What the task asks: Once you find the line with "(auto intro: rd_rdc.rd_muN)" in the entries below, return exactly every line from it through the line with "u \<Longrightarrow> SN rd (mren".

Given records:
lemma mren_eq_iff:
  "Var x = mren f u \<longleftrightarrow> u = Var x"
  "Lam T t = mren f u \<longleftrightarrow> (\<exists>t0. u = Lam T t0 \<and> t = mren f t0)"
  "App a b = mren f u \<longleftrightarrow> (\<exists>a0 b0. u = App a0 b0 \<and> a = mren f a0 \<and> b = mren f b0)"
  "Mu T c = mren f u \<longleftrightarrow> (\<exists>c0. u = Mu T c0 \<and> c = mrenc (ext f) c0)"
  "Zero = mren f u \<longleftrightarrow> u = Zero"
  "Sc t = mren f u \<longleftrightarrow> (\<exists>t0. u = Sc t0 \<and> t = mren f t0)"
  "Nrec R r s t = mren f u \<longleftrightarrow>
     (\<exists>r0 s0 t0. u = Nrec R r0 s0 t0 \<and> r = mren f r0 \<and> s = mren f s0 \<and> t = mren f t0)"
  by (cases u; auto)+

lemma mrenc_eq_iff: "Pass k t = mrenc f d \<longleftrightarrow> (\<exists>k0 t0. d = Pass k0 t0 \<and> k = f k0 \<and> t = mren f t0)"
  by (cases d) auto

lemma num_eq_mren: "num n = mren f u \<longleftrightarrow> u = num n"
  by (induct n arbitrary: u) (auto simp: mren_eq_iff mrenc_eq_iff)

lemma mren_reflects_rd:
  "rd t v \<Longrightarrow> t = mren f u \<Longrightarrow> \<exists>u'. rd u u' \<and> v = mren f u'"
  "rdc c w \<Longrightarrow> c = mrenc f d \<Longrightarrow> \<exists>d'. rdc d d' \<and> w = mrenc f d'"
proof (induct arbitrary: f u and f d rule: rd_rdc.inducts)
  case (rd_beta T t r)
  then show ?case by (auto simp: mren_eq_iff mren_subst0 intro: rd_rdc.rd_beta)
next
  case (rd_muS T c)
  then obtain c0 where "u = Sc (Mu T c0)" "c = mrenc (ext f) c0" by (auto simp: mren_eq_iff mrenc_eq_iff)
  then show ?case using mren_ssubc[of f "CSc Hole" c0] by (auto intro: rd_rdc.rd_muS)
next
  case (rd_muR A c s B)
  then obtain c0 s0 where "u = App (Mu A c0) s0" "c = mrenc (ext f) c0" "s = mren f s0"
    by (auto simp: mren_eq_iff mrenc_eq_iff)
  then show ?case using mren_ssubc[of f "CApp Hole s0" c0] by (auto intro: rd_rdc.rd_muR)
next
  case (rd_mueta T w)
  then obtain a0 t0 where "u = Mu T (Pass a0 t0)" "0 = ext f a0" "mren Suc w = mren (ext f) t0"
    by (auto simp: mren_eq_iff mrenc_eq_iff)
  moreover then have "a0 = 0" by (cases a0) auto
  ultimately show ?case by (auto dest!: mren_ext_eq_Suc intro: rd_rdc.rd_mueta)
next
  case (rd_mui a T c)
  then obtain a0 c0 where "d = Pass a0 (Mu T c0)" "a = f a0" "c = mrenc (ext f) c0"
    by (auto simp: mren_eq_iff mrenc_eq_iff)
  then show ?case by (auto simp: mren_mui intro: rd_rdc.rd_mui)
next
  case (rd_muN R r s T c)
  then obtain r0 s0 c0 where "u = Nrec R r0 s0 (Mu T c0)" "r = mren f r0" "s = mren f s0"
    "c = mrenc (ext f) c0"
    by (auto simp: mren_eq_iff mrenc_eq_iff)
  then show ?case using mren_ssubc[of f "CNrec R r0 s0 Hole" c0] by (auto intro: rd_rdc.rd_muN)
qed (fastforce simp: mren_eq_iff mrenc_eq_iff num_eq_mren intro: rd_rdc.intros)+

lemma SN_mren: "SN rd u \<Longrightarrow> SN rd (mren f u)"
  by (erule SN_reflection) (rule mren_reflects_rd(1), simp_all)

lemma SN_mrenc: "SN rdc c \<Longrightarrow> SN rdc (mrenc f c)"
  by (erule SN_reflection) (rule mren_reflects_rd(2), simp_all)

lemma SN_mren_back: "SN rd (mren f t) \<Longrightarrow> SN rd t"
  by (simp add: mren_as_gsub SN_gsub_back)

text \<open>A command is strongly normalising as soon as its body is: a (mu i) step out
  of \<open>[b]\<mu>\<alpha>.c\<close> yields a renaming of \<open>c\<close>.\<close>

lemma SN_Pass: "SN rd u \<Longrightarrow> SN rdc (Pass b u)"
proof (induct rule: accp.induct)
  case (accI u)
  have "SN rd u" by (rule accp.accI) (use accI.hyps(1) in simp)
  show ?case
  proof (rule SN_intro)
    fix y assume "rdc (Pass b u) y"
    then show "SN rdc y"
    proof (cases rule: rdc.cases)
      case (rd_mui T c)
      then show ?thesis using \<open>SN rd u\<close> by (auto intro: SN_mrenc dest: SN_subterms(4))
    next
      case (rd_Pass t')
      then show ?thesis using accI.hyps(2) by auto
    qed
  qed
qed

section \<open>Reductions inside an evaluation context\<close>

text \<open>A term is neutral if no evaluation context around it creates a redex.\<close>

definition neutral :: "trm \<Rightarrow> bool" where
  "neutral u \<longleftrightarrow> (\<exists>x. u = Var x) \<or> (\<exists>a b. u = App a b) \<or> (\<exists>R r s t. u = Nrec R r s t)"

lemma neutral_simps [simp]: "neutral (Var x)" "neutral (App a b)" "neutral (Nrec R r s t)"
  by (auto simp: neutral_def)

lemma fill_eq_num: "fill E u = num n \<Longrightarrow> \<exists>m. u = num m"
  by (induct E arbitrary: n) (auto, metis num.elims trm.inject(5) trm.simps)

lemma fill_neutral_not_value:
  assumes "neutral u"
  shows "fill E u \<noteq> Lam T t" "fill E u \<noteq> Mu T c" "fill E u \<noteq> Zero" "fill E u \<noteq> Sc (num n)"
  using assms fill_eq_num[of E u 0] fill_eq_num[of E u "Suc n"]
  by (cases E; auto simp: neutral_def)+

lemma fill_Mu_not_value:
  "fill E (Mu A c) \<noteq> Lam T t" "fill E (Mu A c) \<noteq> Zero" "fill E (Mu A c) \<noteq> Sc (num n)"
  using fill_eq_num[of E "Mu A c" 0] fill_eq_num[of E "Mu A c" "Suc n"]
  by (cases E; auto)+

lemma fill_eq_Mu: "fill E (Mu A c) = Mu B d \<Longrightarrow> E = Hole \<and> A = B \<and> c = d"
  by (cases E) auto

inductive inner_step :: "ctx \<Rightarrow> trm \<Rightarrow> trm \<Rightarrow> bool" where
  in_hole: "rd u u' \<Longrightarrow> inner_step E u (fill E u')"
| in_ctx: "ctxred E E' \<Longrightarrow> inner_step E u (fill E' u)"

lemma inner_step_frame:
  assumes "inner_step E u w" and "frame G"
  shows "inner_step (comp_ctx G E) u (fill G w)"
  using assms(1)
proof cases
  case (in_hole u')
  then show ?thesis using inner_step.in_hole[of u u' "comp_ctx G E"] by simp
next
  case (in_ctx E')
  then have "ctxred (comp_ctx G E) (comp_ctx G E')"
    using \<open>frame G\<close> by (auto simp: frame_def intro: ctxred.intros)
  then show ?thesis using in_ctx inner_step.in_ctx by fastforce
qed

lemma inner_step_comp_ctx:
  assumes "inner_step G (fill E u) v" and "frame G"
    and IH: "\<And>w. rd (fill E u) w \<Longrightarrow> inner_step E u w"
  shows "inner_step (comp_ctx G E) u v"
  using assms(1)
proof cases
  case (in_hole w)
  then show ?thesis using inner_step_frame[OF IH \<open>frame G\<close>] by simp
next
  case (in_ctx G')
  then show ?thesis using inner_step.in_ctx[OF ctxred_comp_ctx_left, of G G' E u] by simp
qed

lemma rd_frame_cases:
  assumes "rd (fill G x) v" and "frame G"
  shows "inner_step G x v \<or> (\<exists>T b. x = Lam T b) \<or> (\<exists>T c. x = Mu T c) \<or> x = Zero \<or> (\<exists>n. x = Sc (num n))"
  using assms(2)
proof (cases rule: frame_cases)
  case (App s)
  from assms(1) have "rd (App x s) v" using App by simp
  then show ?thesis using App
    by cases (auto intro: inner_step.in_hole[of x _ "CApp Hole s", simplified]
        inner_step.in_ctx[OF ctxred_App2, of _ _ Hole x, simplified])
next
  case Sc
  from assms(1) have "rd (Sc x) v" using Sc by simp
  then show ?thesis using Sc by cases (auto intro: inner_step.in_hole[of x _ "CSc Hole", simplified])
next
  case (Nrec R r s)
  from assms(1) have "rd (Nrec R r s x) v" using Nrec by simp
  then show ?thesis using Nrec
    by cases (auto intro: inner_step.in_hole[of x _ "CNrec R r s Hole", simplified]
        inner_step.in_ctx[OF ctxred_Nrec1, of _ _ R s Hole x, simplified]
        inner_step.in_ctx[OF ctxred_Nrec2, of _ _ R r Hole x, simplified])
qed
(* Let $t,t':V\to\mathbb{R}_{\ge0}$ be fingerprints with $t_v\le t'_v$ for all $v\in V$. If two vertices $u,v$ are actively connected in shadow moat growing on $(G,t)$, then they are actively connected in shadow moat growing on $(G,t')$.
   Context: $G=(V,E,c)$ is an undirected graph with edge costs $c:E\to\mathbb{R}_{\ge0}$; $\delta(S)$ denotes the edges with exactly one endpoint in $S$. Shadow moat growing on $(G,t)$: a continuous process in time $\tau\ge0$ maintaining a forest $F$ (initially empty), the components of $(V,F)$, and values $y_S\ge0$ (initially $0$). At time $\tau$ a component $C$ is active iff it contains $w$ with $t_w>\tau$; each active component $C$ increases $y_C$ at rate $1$. When an edge $e$ between different components satisfies $\sum_{S:e\in\delta(S)}y_S=c_e$ it is added to $F$ and the components merge (ties processed one at a time by a fixed rule). The process stops when no component is active. Vertices $u,v$ are actively connected in a run if there is a time $\tau$ such that $u$ and $v$ lie in a common component at time $\tau$ and, for every $\tau'\in[0,\tau)$, the components containing $u$ and containing $v$ at time $\tau'$ are both active (i.e., both remain in active components from the start until they become connected). *)

theory Defs
  imports Complex_Main
begin
lemma two_sided_ideal_coeff_multiples_is_ideal:
  assumes I: "two_sided_ideal \<sigma> (BR_alg \<sigma> H J) I"
  shows "is_ideal {c. monom (c * y) n \<in> I}"
proof -
  have "monom ((c + d) * y) n = (\<lambda>k. monom (c * y) n k + monom (d * y) n k)"
    and "monom ((c - d) * y) n = (\<lambda>k. monom (c * y) n k - monom (d * y) n k)"
    for c d by (auto simp: monom_def algebra_simps)
  moreover have "monom ((r * c) * y) n = skmult \<sigma> (monom r 0) (monom (c * y) n)" for c r
    unfolding skmult_monom_degree_0_left by (auto simp: monom_def)
  ultimately show ?thesis
    using two_sided_idealD[OF I] monom_degree_0_in_BR_alg[of _ \<sigma> H J]
    unfolding is_ideal_def by (auto simp: monom_zero)
qed

lemma two_sided_ideal_monom_coeff_mem:
  assumes I: "two_sided_ideal \<sigma> (BR_alg \<sigma> H J) I" and "bij \<sigma>" "\<sigma> 0 = 0"
    and zpow_diff: "\<And>Q a c. is_ideal Q \<Longrightarrow> a \<noteq> c \<Longrightarrow> (\<forall>r. zpow \<sigma> c r - zpow \<sigma> a r \<in> Q) \<Longrightarrow> Q = UNIV"
  shows "x \<in> I \<Longrightarrow> monom (x n) n \<in> I"
proof (induction "card (supp x)" arbitrary: x n rule: less_induct)
  case less
  have fin: "finite (supp x)"
    using two_sided_idealD(1)[OF I] less.prems BR_alg_finite_supp by blast
  consider "x n = 0" | "supp x = {n}" | a where "a \<in> supp x" "a \<noteq> n"
    by (auto simp: supp_def)
  then show ?case
  proof cases
    case 1
    then show ?thesis using two_sided_idealD(2)[OF I] by (simp add: monom_zero)
  next
    case 2
    then have "monom (x n) n k = x k" for k
      by (cases "k = n") (auto simp: monom_def supp_def)
    then have "monom (x n) n = x" by blast
    then show ?thesis using less.prems by simp
  next
    case 3
    have "monom (x n * (zpow \<sigma> n r - zpow \<sigma> a r)) n \<in> I" for r
    proof -
      define y where "y k = x k * (zpow \<sigma> k r - zpow \<sigma> a r)" for k
      have "y \<in> I"
        unfolding y_def by (rule two_sided_ideal_twisted_commutator_mem[OF I assms(2,3) less.prems])
      moreover have "supp y \<subseteq> supp x - {a}" by (auto simp: supp_def y_def)
      then have "supp y \<subset> supp x" using 3(1) by blast
      then have "card (supp y) < card (supp x)" by (rule psubset_card_mono[OF fin])
      ultimately have "monom (y n) n \<in> I" using less.hyps by blast
      then show ?thesis by (simp add: y_def)
    qed
    then have "\<forall>r. zpow \<sigma> n r - zpow \<sigma> a r \<in> {c. monom (c * x n) n \<in> I}"
      by (simp add: mult.commute)
    then have "{c. monom (c * x n) n \<in> I} = UNIV"
      using zpow_diff[OF two_sided_ideal_coeff_multiples_is_ideal[OF I]] 3(2) by blast
    then show ?thesis by (metis UNIV_I mem_Collect_eq mult_1)
  qed
qed
lemma linear_recursion_deviation:
  fixes x d :: "nat \<Rightarrow> 'v::finite \<Rightarrow> 'b::real_vector"
  assumes rec: "\<And>t i. x (Suc t) i = (\<Sum>j\<in>UNIV. W t i j *\<^sub>R x t j) - d t i"
    and column_sum: "\<And>t j. (\<Sum>i\<in>UNIV. W t i j) = 1"
  shows "x (Suc t) i - c *\<^sub>R (\<Sum>k\<in>UNIV. x t k)
       = (\<Sum>j\<in>UNIV. (PhiW W (Suc t) 0 i j - c) *\<^sub>R x 0 j)
         - (\<Sum>s<t. \<Sum>j\<in>UNIV. (PhiW W (Suc t) (Suc s) i j - c) *\<^sub>R d s j) - d t i"
proof -
  have "(\<Sum>j\<in>UNIV. PhiW W (Suc t) (Suc t) i j *\<^sub>R d t j) = d t i"
    by (simp add: PhiW_same sum_delta_scaleR)
  then have x_eq: "x (Suc t) i = (\<Sum>j\<in>UNIV. PhiW W (Suc t) 0 i j *\<^sub>R x 0 j)
      - (\<Sum>s<t. \<Sum>j\<in>UNIV. PhiW W (Suc t) (Suc s) i j *\<^sub>R d s j) - d t i"
    using linear_recursion_closed_form[where x = x and d = d, OF rec, of "Suc t"]
    by (simp add: sum.lessThan_Suc)
  have sum_eq: "c *\<^sub>R (\<Sum>k\<in>UNIV. x t k) = (\<Sum>j\<in>UNIV. c *\<^sub>R x 0 j)
      - (\<Sum>s<t. \<Sum>j\<in>UNIV. c *\<^sub>R d s j)"
    by (subst linear_recursion_sum[where x = x and d = d, OF rec column_sum])
      (simp only: scaleR_diff_right scaleR_sum_right)
  have regroup: "a - b - e - (a' - b') = (a - a') - (b - b') - e" for a b e a' b' :: 'b
    by (simp add: algebra_simps)
  show ?thesis
    unfolding x_eq sum_eq scaleR_diff_left sum_subtractf by (rule regroup)
qed
text \<open>For \<open>[0,1]\<close>-valued \<open>f\<close> this is the lower limit of \<open>f\<close> along \<open>F\<close>, truncated below at \<open>0\<close>.\<close>
definition liminf01 :: "'a filter \<Rightarrow> ('a \<Rightarrow> real) \<Rightarrow> real" where
  "liminf01 F f = Sup (insert 0 {t \<in> {0..1}. eventually (\<lambda>x. t \<le> f x) F})"

lemma capacity_filter_capacity:
  assumes "F \<noteq> bot" "eventually (\<lambda>x. x \<in> space M) F"
  shows "capacity M (filter_capacity F)"
proof -
  have "eventually (\<lambda>x. x \<in> B) F" if "A \<subseteq> B" "eventually (\<lambda>x. x \<in> A) F" for A B
    using that by (auto elim: eventually_mono)
  then show ?thesis
    using assms by (auto simp: capacity_def filter_capacity_def)
qed

lemma sugeno_filter_capacity:
  assumes S: "semicopula S" and F: "eventually (\<lambda>x. x \<in> space M) F"
  shows "sugeno S M (filter_capacity F) f = liminf01 F f"
proof -
  let ?P = "\<lambda>t. eventually (\<lambda>x. t \<le> f x) F"
  have level: "S t (filter_capacity F {x \<in> space M. t \<le> f x}) = (if ?P t then t else 0)"
    if "t \<in> {0..1}" for t
  proof -
    have "eventually (\<lambda>x. x \<in> {x \<in> space M. t \<le> f x}) F \<longleftrightarrow> ?P t"
      using F by (auto intro: eventually_conj elim: eventually_mono)
    then show ?thesis
      using semicopula_one_right[OF S that] semicopula_zero_right[OF S that]
      by (simp add: filter_capacity_def)
  qed
  have "sugeno S M (filter_capacity F) f = Sup ((\<lambda>t. if ?P t then t else 0) ` {0..1})"
    unfolding sugeno_def by (rule arg_cong[where f=Sup], rule image_cong) (simp_all add: level)
  also have "(\<lambda>t. if ?P t then t else 0) ` {0..1} = insert 0 {t \<in> {0..1}. ?P t}"
  proof -
    have "0 \<in> (\<lambda>t. if ?P t then t else 0) ` {0..1}"
      by (rule image_eqI[of _ _ 0]) auto
    moreover have "t \<in> (\<lambda>t. if ?P t then t else 0) ` {0..1}" if "t \<in> {0..1}" "?P t" for t
      using that by (intro image_eqI[of _ _ t]) auto
    ultimately show ?thesis
      by auto
  qed
  finally show ?thesis
    unfolding liminf01_def .
qed

lemma liminf01_le:
  assumes "F \<noteq> bot" "0 \<le> r" "eventually (\<lambda>x. f x \<le> r) F"
  shows "liminf01 F f \<le> r"
  unfolding liminf01_def
proof (rule cSup_least)
  fix t
  assume "t \<in> insert 0 {t \<in> {0..1}. eventually (\<lambda>x. t \<le> f x) F}"
  then show "t \<le> r"
  proof
    assume "t \<in> {t \<in> {0..1}. eventually (\<lambda>x. t \<le> f x) F}"
    then have "eventually (\<lambda>x. t \<le> f x) F"
      by simp
    with assms(3) have "eventually (\<lambda>x. t \<le> r) F"
      by eventually_elim simp
    then show "t \<le> r"
      using assms(1) by (simp add: eventually_const_iff)
  qed (use assms(2) in simp)
qed simp

lemma liminf01_ge:
  assumes "r \<in> {0..1}" "eventually (\<lambda>x. r \<le> f x) F"
  shows "r \<le> liminf01 F f"
  unfolding liminf01_def using assms by (intro cSup_upper bdd_aboveI[where M=1]) auto

lemma eventually_ge_at_left_iff:
  fixes c t :: real
  shows "eventually (\<lambda>x. t \<le> x) (at_left c) \<longleftrightarrow> t < c"
proof
  assume "eventually (\<lambda>x. t \<le> x) (at_left c)"
  moreover have "eventually (\<lambda>x. x < c) (at_left c)"
    by (simp add: eventually_at_filter)
  ultimately have "eventually (\<lambda>x. t < c) (at_left c)"
    by eventually_elim simp
  then show "t < c"
    by (simp add: eventually_const_iff)
next
  assume "t < c"
  then show "eventually (\<lambda>x. t \<le> x) (at_left c)"
    using eventually_at_left_real[of t c] by (auto elim: eventually_mono)
qed

lemma eventually_ge_at_right_iff:
  fixes c t :: real
  shows "eventually (\<lambda>x. t \<le> x) (at_right c) \<longleftrightarrow> t \<le> c"
proof
  assume ge: "eventually (\<lambda>x. t \<le> x) (at_right c)"
  show "t \<le> c"
  proof (rule ccontr)
    assume "\<not> t \<le> c"
    then have "eventually (\<lambda>x. x < t) (at_right c)"
      using eventually_at_right_real[of c t] by (auto elim: eventually_mono)
    with ge have "eventually (\<lambda>x. False) (at_right c)"
      by eventually_elim simp
    then show False
      by simp
  qed
next
  assume "t \<le> c"
  then show "eventually (\<lambda>x. t \<le> x) (at_right c)"
    using eventually_at_right_less[of c] by (auto elim: eventually_mono)
qed

lemma liminf01_at_left_id:
  fixes c :: real
  assumes "0 < c" "c \<le> 1"
  shows "liminf01 (at_left c) (\<lambda>x. x) = c"
proof -
  have "insert 0 {t \<in> {0..1}. eventually (\<lambda>x. t \<le> x) (at_left c)} = {0..<c}"
    using assms by (auto simp: eventually_ge_at_left_iff)
  with assms show ?thesis
    by (simp add: liminf01_def)
qed

lemma liminf01_at_right_id:
  fixes c :: real
  assumes "0 \<le> c" "c < 1"
  shows "liminf01 (at_right c) (\<lambda>x. x) = c"
proof -
  have "insert 0 {t \<in> {0..1}. eventually (\<lambda>x. t \<le> x) (at_right c)} = {0..c}"
    using assms by (auto simp: eventually_ge_at_right_iff)
  with assms show ?thesis
    by (simp add: liminf01_def)
qed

Answer box:
  then show ?case using mren_ssubc[of f "CNrec R r0 s0 Hole" c0] by (auto intro: rd_rdc.rd_muN)
qed (fastforce simp: mren_eq_iff mrenc_eq_iff num_eq_mren intro: rd_rdc.intros)+

lemma SN_mren: "SN rd u \<Longrightarrow> SN rd (mren f u)"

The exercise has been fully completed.